→ **RECORDS FOR THE EXERCISE**:
lemma sums_exact_image_prob:
  assumes "finite S" "card S < n"
  shows "exact_image_prob n S sums (1 / real ((n - 1) choose card S))"
  using assms
proof (induction "card S" arbitrary: S)
  case 0
  then have "exact_image_prob n S = (\<lambda>t. if t = 0 then 1 else 0)"
    by (auto simp: exact_image_prob_def onto_maps_empty fun_eq_iff)
  then show ?case
    using sums_single[of 0 "\<lambda>_. 1 :: real"] 0 by simp
next
  case (Suc j S)
  let ?p = "exact_image_prob n"
  let ?w = "1 / real ((n - 1) choose j)"
  have n: "n > 0" and j: "Suc j < n"
    using Suc by linarith+
  obtain s where s: "?p S sums s"
    using summable_exact_image_prob[OF Suc.prems] by (auto simp: summable_def)
  have IH: "?p (S - {y}) sums ?w" if "y \<in> S" for y
  proof -
    have j_eq: "j = card (S - {y})"
      using Suc.hyps(2) Suc.prems(1) that by simp
    show ?thesis
      unfolding j_eq by (rule Suc.hyps(1)[OF j_eq]) (use Suc.prems Suc.hyps(2) j_eq in auto)
  qed
  have "S \<noteq> {}"
    using Suc.hyps(2) by auto
  then have "?p S 0 = 0"
    by (simp add: exact_image_prob_def onto_maps_0)
  then have "(\<lambda>t. ?p S (Suc t)) sums s"
    using s sums_Suc_iff[of "?p S" s] by simp
  moreover have "(\<lambda>t. ?p S (Suc t)) sums (real (card S) / real n * s + (\<Sum>y\<in>S. ?w) / real n)"
    unfolding exact_image_prob_Suc[OF Suc.prems(1) n]
    by (intro sums_add sums_mult sums_divide sums_sum s IH)
  ultimately have "s = real (card S) / real n * s + (\<Sum>y\<in>S. ?w) / real n"
    by (rule sums_unique2)
  then have "s = real (Suc j) * ?w / (real n - real (Suc j))"
    using n j Suc.hyps(2) by (simp add: field_simps)
  then show ?case
    using s Suc.hyps(2) inverse_binomial_Suc[OF j] by simp
qed

text \<open>Summation by parts; with b t = P(T > t) it reads E[T] = \<Sum>t. P(T > t).\<close>

lemma sums_times_index_diff:
  fixes b :: "nat \<Rightarrow> real"
  assumes "b sums s" "(\<lambda>t. real t * b t) \<longlonglongrightarrow> 0"
  shows "(\<lambda>t. real t * (b (t - 1) - b t)) sums s"
proof -
  have partial: "(\<Sum>t<Suc T. real t * (b (t - 1) - b t)) = (\<Sum>t<T. b t) - real T * b T" for T
    by (induction T) (auto simp: algebra_simps)
  have "(\<lambda>T. (\<Sum>t<T. b t) - real T * b T) \<longlonglongrightarrow> s - 0"
    using assms unfolding sums_def by (intro tendsto_diff)
  then have "(\<lambda>T. \<Sum>t<Suc T. real t * (b (t - 1) - b t)) \<longlonglongrightarrow> s"
    by (simp only: partial diff_zero)
  then show ?thesis
    unfolding sums_def by (rule LIMSEQ_imp_Suc)
qed

lemma card_first_hit_Suc:
  assumes mono: "\<And>A B. A \<subseteq> B \<Longrightarrow> B \<subseteq> {..<n} \<Longrightarrow> P A \<Longrightarrow> P B"
  shows "card {d \<in> {..<Suc t} \<rightarrow>\<^sub>E {..<n}. P (d ` {..<Suc t}) \<and> \<not> P (d ` {..<t})} +
         card {d \<in> {..<Suc t} \<rightarrow>\<^sub>E {..<n}. \<not> P (d ` {..<Suc t})} =
         n * card {d \<in> {..<t} \<rightarrow>\<^sub>E {..<n}. \<not> P (d ` {..<t})}"
proof -
  let ?D = "{..<Suc t} \<rightarrow>\<^sub>E {..<n}"
  have "\<not> P (d ` {..<t})" if "d \<in> ?D" "\<not> P (d ` {..<Suc t})" for d
  proof
    assume "P (d ` {..<t})"
    moreover have "d ` {..<Suc t} \<subseteq> {..<n}"
      using that(1) by (auto simp: PiE_iff)
    ultimately show False
      using that(2) mono[of "d ` {..<t}" "d ` {..<Suc t}"] by (auto simp: image_mono)
  qed
  then have parts: "{d \<in> ?D. \<not> P (d ` {..<t})} =
             {d \<in> ?D. P (d ` {..<Suc t}) \<and> \<not> P (d ` {..<t})} \<union> {d \<in> ?D. \<not> P (d ` {..<Suc t})}"
    by blast
  have "card {d \<in> ?D. P (d ` {..<Suc t}) \<and> \<not> P (d ` {..<t})} + card {d \<in> ?D. \<not> P (d ` {..<Suc t})} =
             card {d \<in> ?D. \<not> P (d ` {..<t})}"
    unfolding parts by (rule card_Un_disjoint[symmetric]) (auto simp: finite_PiE)
  also have "\<dots> = card {e \<in> ?D. (\<lambda>y d. \<not> P (d ` {..<t})) (e t) (restrict e {..<t})}"
    by simp
  also have "\<dots> = card ({..<n} \<times> {d \<in> {..<t} \<rightarrow>\<^sub>E {..<n}. \<not> P (d ` {..<t})})"
    by (rule card_PiE_lessThan_Suc)
  also have "\<dots> = n * card {d \<in> {..<t} \<rightarrow>\<^sub>E {..<n}. \<not> P (d ` {..<t})}"
    by (simp add: card_cartesian_product)
  finally show ?thesis .
qed

lemma first_hit_prob_Suc:
  assumes "n > 0"
    and mono: "\<And>A B. A \<subseteq> B \<Longrightarrow> B \<subseteq> {..<n} \<Longrightarrow> P A \<Longrightarrow> P B"
  shows "real (card {d \<in> {..<Suc m} \<rightarrow>\<^sub>E {..<n}. P (d ` {..<Suc m}) \<and> \<not> P (d ` {..<m})}) /
           real n ^ Suc m =
         (\<Sum>S | S \<subseteq> {..<n} \<and> \<not> P S. exact_image_prob n S m - exact_image_prob n S (Suc m))"
proof -
  define avoid where "avoid (t :: nat) = card {d \<in> {..<t} \<rightarrow>\<^sub>E {..<n}. \<not> P (d ` {..<t})}" for t
  define hit where "hit = card {d \<in> {..<Suc m} \<rightarrow>\<^sub>E {..<n}. P (d ` {..<Suc m}) \<and> \<not> P (d ` {..<m})}"
  have avoid: "real (avoid t) / real n ^ t = (\<Sum>S | S \<subseteq> {..<n} \<and> \<not> P S. exact_image_prob n S t)" for t
    using card_maps_by_image[of "{..<n}" t "\<lambda>S. \<not> P S"]
    by (simp add: avoid_def exact_image_prob_def sum_divide_distrib)
  have "hit + avoid (Suc m) = n * avoid m"
    using card_first_hit_Suc[of n P m, OF mono] by (simp add: hit_def avoid_def)
  then have "real hit = real n * real (avoid m) - real (avoid (Suc m))"
    by (metis add_diff_cancel_right' of_nat_add of_nat_mult)
  then have "real hit / real n ^ Suc m = real (avoid m) / real n ^ m - real (avoid (Suc m)) / real n ^ Suc m"
    using \<open>n > 0\<close> by (simp add: field_simps)
  also have "\<dots> = (\<Sum>S | S \<subseteq> {..<n} \<and> \<not> P S. exact_image_prob n S m - exact_image_prob n S (Suc m))"
    by (simp only: avoid sum_subtractf)
  finally show ?thesis
    unfolding hit_def .
qed

lemma expected_first_hitting_time:
  assumes "n > 0"
    and mono: "\<And>A B. A \<subseteq> B \<Longrightarrow> B \<subseteq> {..<n} \<Longrightarrow> P A \<Longrightarrow> P B"
    and "P {..<n}"
  shows "(\<lambda>t. real t *
           (real (card {d \<in> {..<t} \<rightarrow>\<^sub>E {..<n}. P (d ` {..<t}) \<and> \<not> P (d ` {..<t - 1})}) / real n ^ t))
         sums (\<Sum>S | S \<subseteq> {..<n} \<and> \<not> P S. 1 / real ((n - 1) choose card S))"
proof -
  define F where "F = {S. S \<subseteq> {..<n} \<and> \<not> P S}"
  have F: "finite S \<and> card S < n" if "S \<in> F" for S
  proof -
    have "S \<subset> {..<n}"
      using that \<open>P {..<n}\<close> unfolding F_def by blast
    then show ?thesis
      using psubset_card_mono[of "{..<n}" S] finite_subset[of S "{..<n}"] by auto
  qed
  have "(\<lambda>t. \<Sum>S\<in>F. real t * (exact_image_prob n S (t - 1) - exact_image_prob n S t))
          sums (\<Sum>S\<in>F. 1 / real ((n - 1) choose card S))"
    using F by (intro sums_sum sums_times_index_diff sums_exact_image_prob
        index_times_exact_image_prob_tendsto_0) auto
  moreover have "real t *
      (real (card {d \<in> {..<t} \<rightarrow>\<^sub>E {..<n}. P (d ` {..<t}) \<and> \<not> P (d ` {..<t - 1})}) / real n ^ t) =
      (\<Sum>S\<in>F. real t * (exact_image_prob n S (t - 1) - exact_image_prob n S t))" for t
  proof (cases t)
    case (Suc m)
    then have "real (card {d \<in> {..<t} \<rightarrow>\<^sub>E {..<n}. P (d ` {..<t}) \<and> \<not> P (d ` {..<t - 1})}) / real n ^ t =
               (\<Sum>S\<in>F. exact_image_prob n S (t - 1) - exact_image_prob n S t)"
      using first_hit_prob_Suc[where m = m, OF \<open>n > 0\<close> mono] by (simp add: F_def)
    then show ?thesis
      by (simp only: sum_distrib_left)
  qed simp
  ultimately show ?thesis
    by (simp add: F_def)
qed

section \<open>Spanning generator columns and independent parity-check columns\<close>

definition lin_combs :: "'b set \<Rightarrow> ('b \<Rightarrow> nat \<Rightarrow> 'a::field) \<Rightarrow> (nat \<Rightarrow> 'a) set" where
  "lin_combs S f = {\<lambda>i. \<Sum>s\<in>S. c s * f s i | c. True}"

lemma spans_iff_lin_combs: "spans m S \<longleftrightarrow> fvec m \<subseteq> lin_combs S (\<lambda>s. s)"
  unfolding spans_def lin_combs_def by blast

lemma zero_in_lin_combs: "(\<lambda>_. 0) \<in> lin_combs S f"
  unfolding lin_combs_def by (auto intro!: exI[of _ "\<lambda>_. 0"])

lemma lin_combs_add:
  assumes "u \<in> lin_combs S f" "v \<in> lin_combs S f"
  shows "(\<lambda>i. u i + v i) \<in> lin_combs S f"
proof -
  obtain c d where "u = (\<lambda>i. \<Sum>s\<in>S. c s * f s i)" "v = (\<lambda>i. \<Sum>s\<in>S. d s * f s i)"
    using assms unfolding lin_combs_def by blast
  then show ?thesis
    unfolding lin_combs_def
    by (auto intro!: exI[of _ "\<lambda>s. c s + d s"] simp: distrib_right sum.distrib)
qed

lemma lin_combs_scale:
  assumes "v \<in> lin_combs S f"
  shows "(\<lambda>i. a * v i) \<in> lin_combs S f"
proof -
  obtain c where "v = (\<lambda>i. \<Sum>s\<in>S. c s * f s i)"
    using assms unfolding lin_combs_def by blast
  then show ?thesis
    unfolding lin_combs_def
    by (auto intro!: exI[of _ "\<lambda>s. a * c s"] simp: sum_distrib_left mult.assoc)
qed

lemma generator_in_lin_combs:
  assumes "finite S" "s \<in> S"
  shows "f s \<in> lin_combs S f"
  unfolding lin_combs_def
proof (intro CollectI exI conjI)
  show "f s = (\<lambda>i. \<Sum>t\<in>S. of_bool (t = s) * f t i)"
    using assms by (simp add: Int_absorb1)
qed simp

lemma lin_combs_subset:
  assumes "finite S" "\<forall>s\<in>S. g s \<in> lin_combs T f"
  shows "lin_combs S g \<subseteq> lin_combs T f"
proof
  fix v assume "v \<in> lin_combs S g"
  then obtain c where v: "v = (\<lambda>i. \<Sum>s\<in>S. c s * g s i)"
    unfolding lin_combs_def by blast
  have "(\<lambda>i. \<Sum>s\<in>S'. c s * g s i) \<in> lin_combs T f" if "S' \<subseteq> S" for S'
    using finite_subset[OF that assms(1)] that
  proof (induction S' rule: finite_induct)
    case (insert s S')
    then show ?case
      using assms(2) by (simp add: lin_combs_add lin_combs_scale)
  qed (simp add: zero_in_lin_combs)
  then show "v \<in> lin_combs T f"
    using v by blast
qed

lemma fvec_eliminate_last:
  fixes v w :: "nat \<Rightarrow> 'a::field"
  assumes "v \<in> fvec (Suc k)" "w \<in> fvec (Suc k)" "w k \<noteq> 0"
  shows "(\<lambda>i. v i - v k / w k * w i) \<in> fvec k"
  unfolding fvec_def
proof (intro CollectI allI impI)
  fix i assume "k \<le> i"
  then consider "i = k" | "Suc k \<le> i"
    by linarith
  then show "v i - v k / w k * w i = 0"
    using assms by cases (auto simp: fvec_def)
qed

lemma annihilator_extend_last:
  fixes f :: "'b \<Rightarrow> nat \<Rightarrow> 'a::field"
  assumes "f s0 k \<noteq> 0"
    and "(\<Sum>i<k. c i * (f s i - f s k / f s0 k * f s0 i)) = 0"
  shows "(\<Sum>i<Suc k. (c(k := - (\<Sum>i<k. c i * f s0 i) / f s0 k)) i * f s i) = 0"
proof -
  let ?D = "\<Sum>i<k. c i * f s0 i"
  have "(\<Sum>i<k. (c(k := - ?D / f s0 k)) i * f s i) = (\<Sum>i<k. c i * f s i)"
    by (intro sum.cong) auto
  then have "(\<Sum>i<Suc k. (c(k := - ?D / f s0 k)) i * f s i) =
             (\<Sum>i<k. c i * f s i) - f s k / f s0 k * ?D"
    by simp
  also have "\<dots> = (\<Sum>i<k. c i * (f s i - f s k / f s0 k * f s0 i))"
    by (simp add: right_diff_distrib sum_subtractf sum_distrib_left mult.left_commute)
  finally show ?thesis
    using assms(2) by simp
qed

→ **WHAT THE TASK REQUIRES**:
Retype the listing from its first line onward, stopping after the line that contains "using assms unfolding sums_def" has been retyped in full.

→ **ANSWER SECTION**:
lemma sums_exact_image_prob:
  assumes "finite S" "card S < n"
  shows "exact_image_prob n S sums (1 / real ((n - 1) choose card S))"
  using assms
proof (induction "card S" arbitrary: S)
  case 0
  then have "exact_image_prob n S = (\<lambda>t. if t = 0 then 1 else 0)"
    by (auto simp: exact_image_prob_def onto_maps_empty fun_eq_iff)
  then show ?case
    using sums_single[of 0 "\<lambda>_. 1 :: real"] 0 by simp
next
  case (Suc j S)
  let ?p = "exact_image_prob n"
  let ?w = "1 / real ((n - 1) choose j)"
  have n: "n > 0" and j: "Suc j < n"
    using Suc by linarith+
  obtain s where s: "?p S sums s"
    using summable_exact_image_prob[OF Suc.prems] by (auto simp: summable_def)
  have IH: "?p (S - {y}) sums ?w" if "y \<in> S" for y
  proof -
    have j_eq: "j = card (S - {y})"
      using Suc.hyps(2) Suc.prems(1) that by simp
    show ?thesis
      unfolding j_eq by (rule Suc.hyps(1)[OF j_eq]) (use Suc.prems Suc.hyps(2) j_eq in auto)
  qed
  have "S \<noteq> {}"
    using Suc.hyps(2) by auto
  then have "?p S 0 = 0"
    by (simp add: exact_image_prob_def onto_maps_0)
  then have "(\<lambda>t. ?p S (Suc t)) sums s"
    using s sums_Suc_iff[of "?p S" s] by simp
  moreover have "(\<lambda>t. ?p S (Suc t)) sums (real (card S) / real n * s + (\<Sum>y\<in>S. ?w) / real n)"
    unfolding exact_image_prob_Suc[OF Suc.prems(1) n]
    by (intro sums_add sums_mult sums_divide sums_sum s IH)
  ultimately have "s = real (card S) / real n * s + (\<Sum>y\<in>S. ?w) / real n"
    by (rule sums_unique2)
  then have "s = real (Suc j) * ?w / (real n - real (Suc j))"
    using n j Suc.hyps(2) by (simp add: field_simps)
  then show ?case
    using s Suc.hyps(2) inverse_binomial_Suc[OF j] by simp
qed

text \<open>Summation by parts; with b t = P(T > t) it reads E[T] = \<Sum>t. P(T > t).\<close>

lemma sums_times_index_diff:
  fixes b :: "nat \<Rightarrow> real"
  assumes "b sums s" "(\<lambda>t. real t * b t) \<longlonglongrightarrow> 0"
  shows "(\<lambda>t. real t * (b (t - 1) - b t)) sums s"
proof -
  have partial: "(\<Sum>t<Suc T. real t * (b (t - 1) - b t)) = (\<Sum>t<T. b t) - real T * b T" for T
    by (induction T) (auto simp: algebra_simps)
  have "(\<lambda>T. (\<Sum>t<T. b t) - real T * b T) \<longlonglongrightarrow> s - 0"
    using assms unfolding sums_def by (intro tendsto_diff)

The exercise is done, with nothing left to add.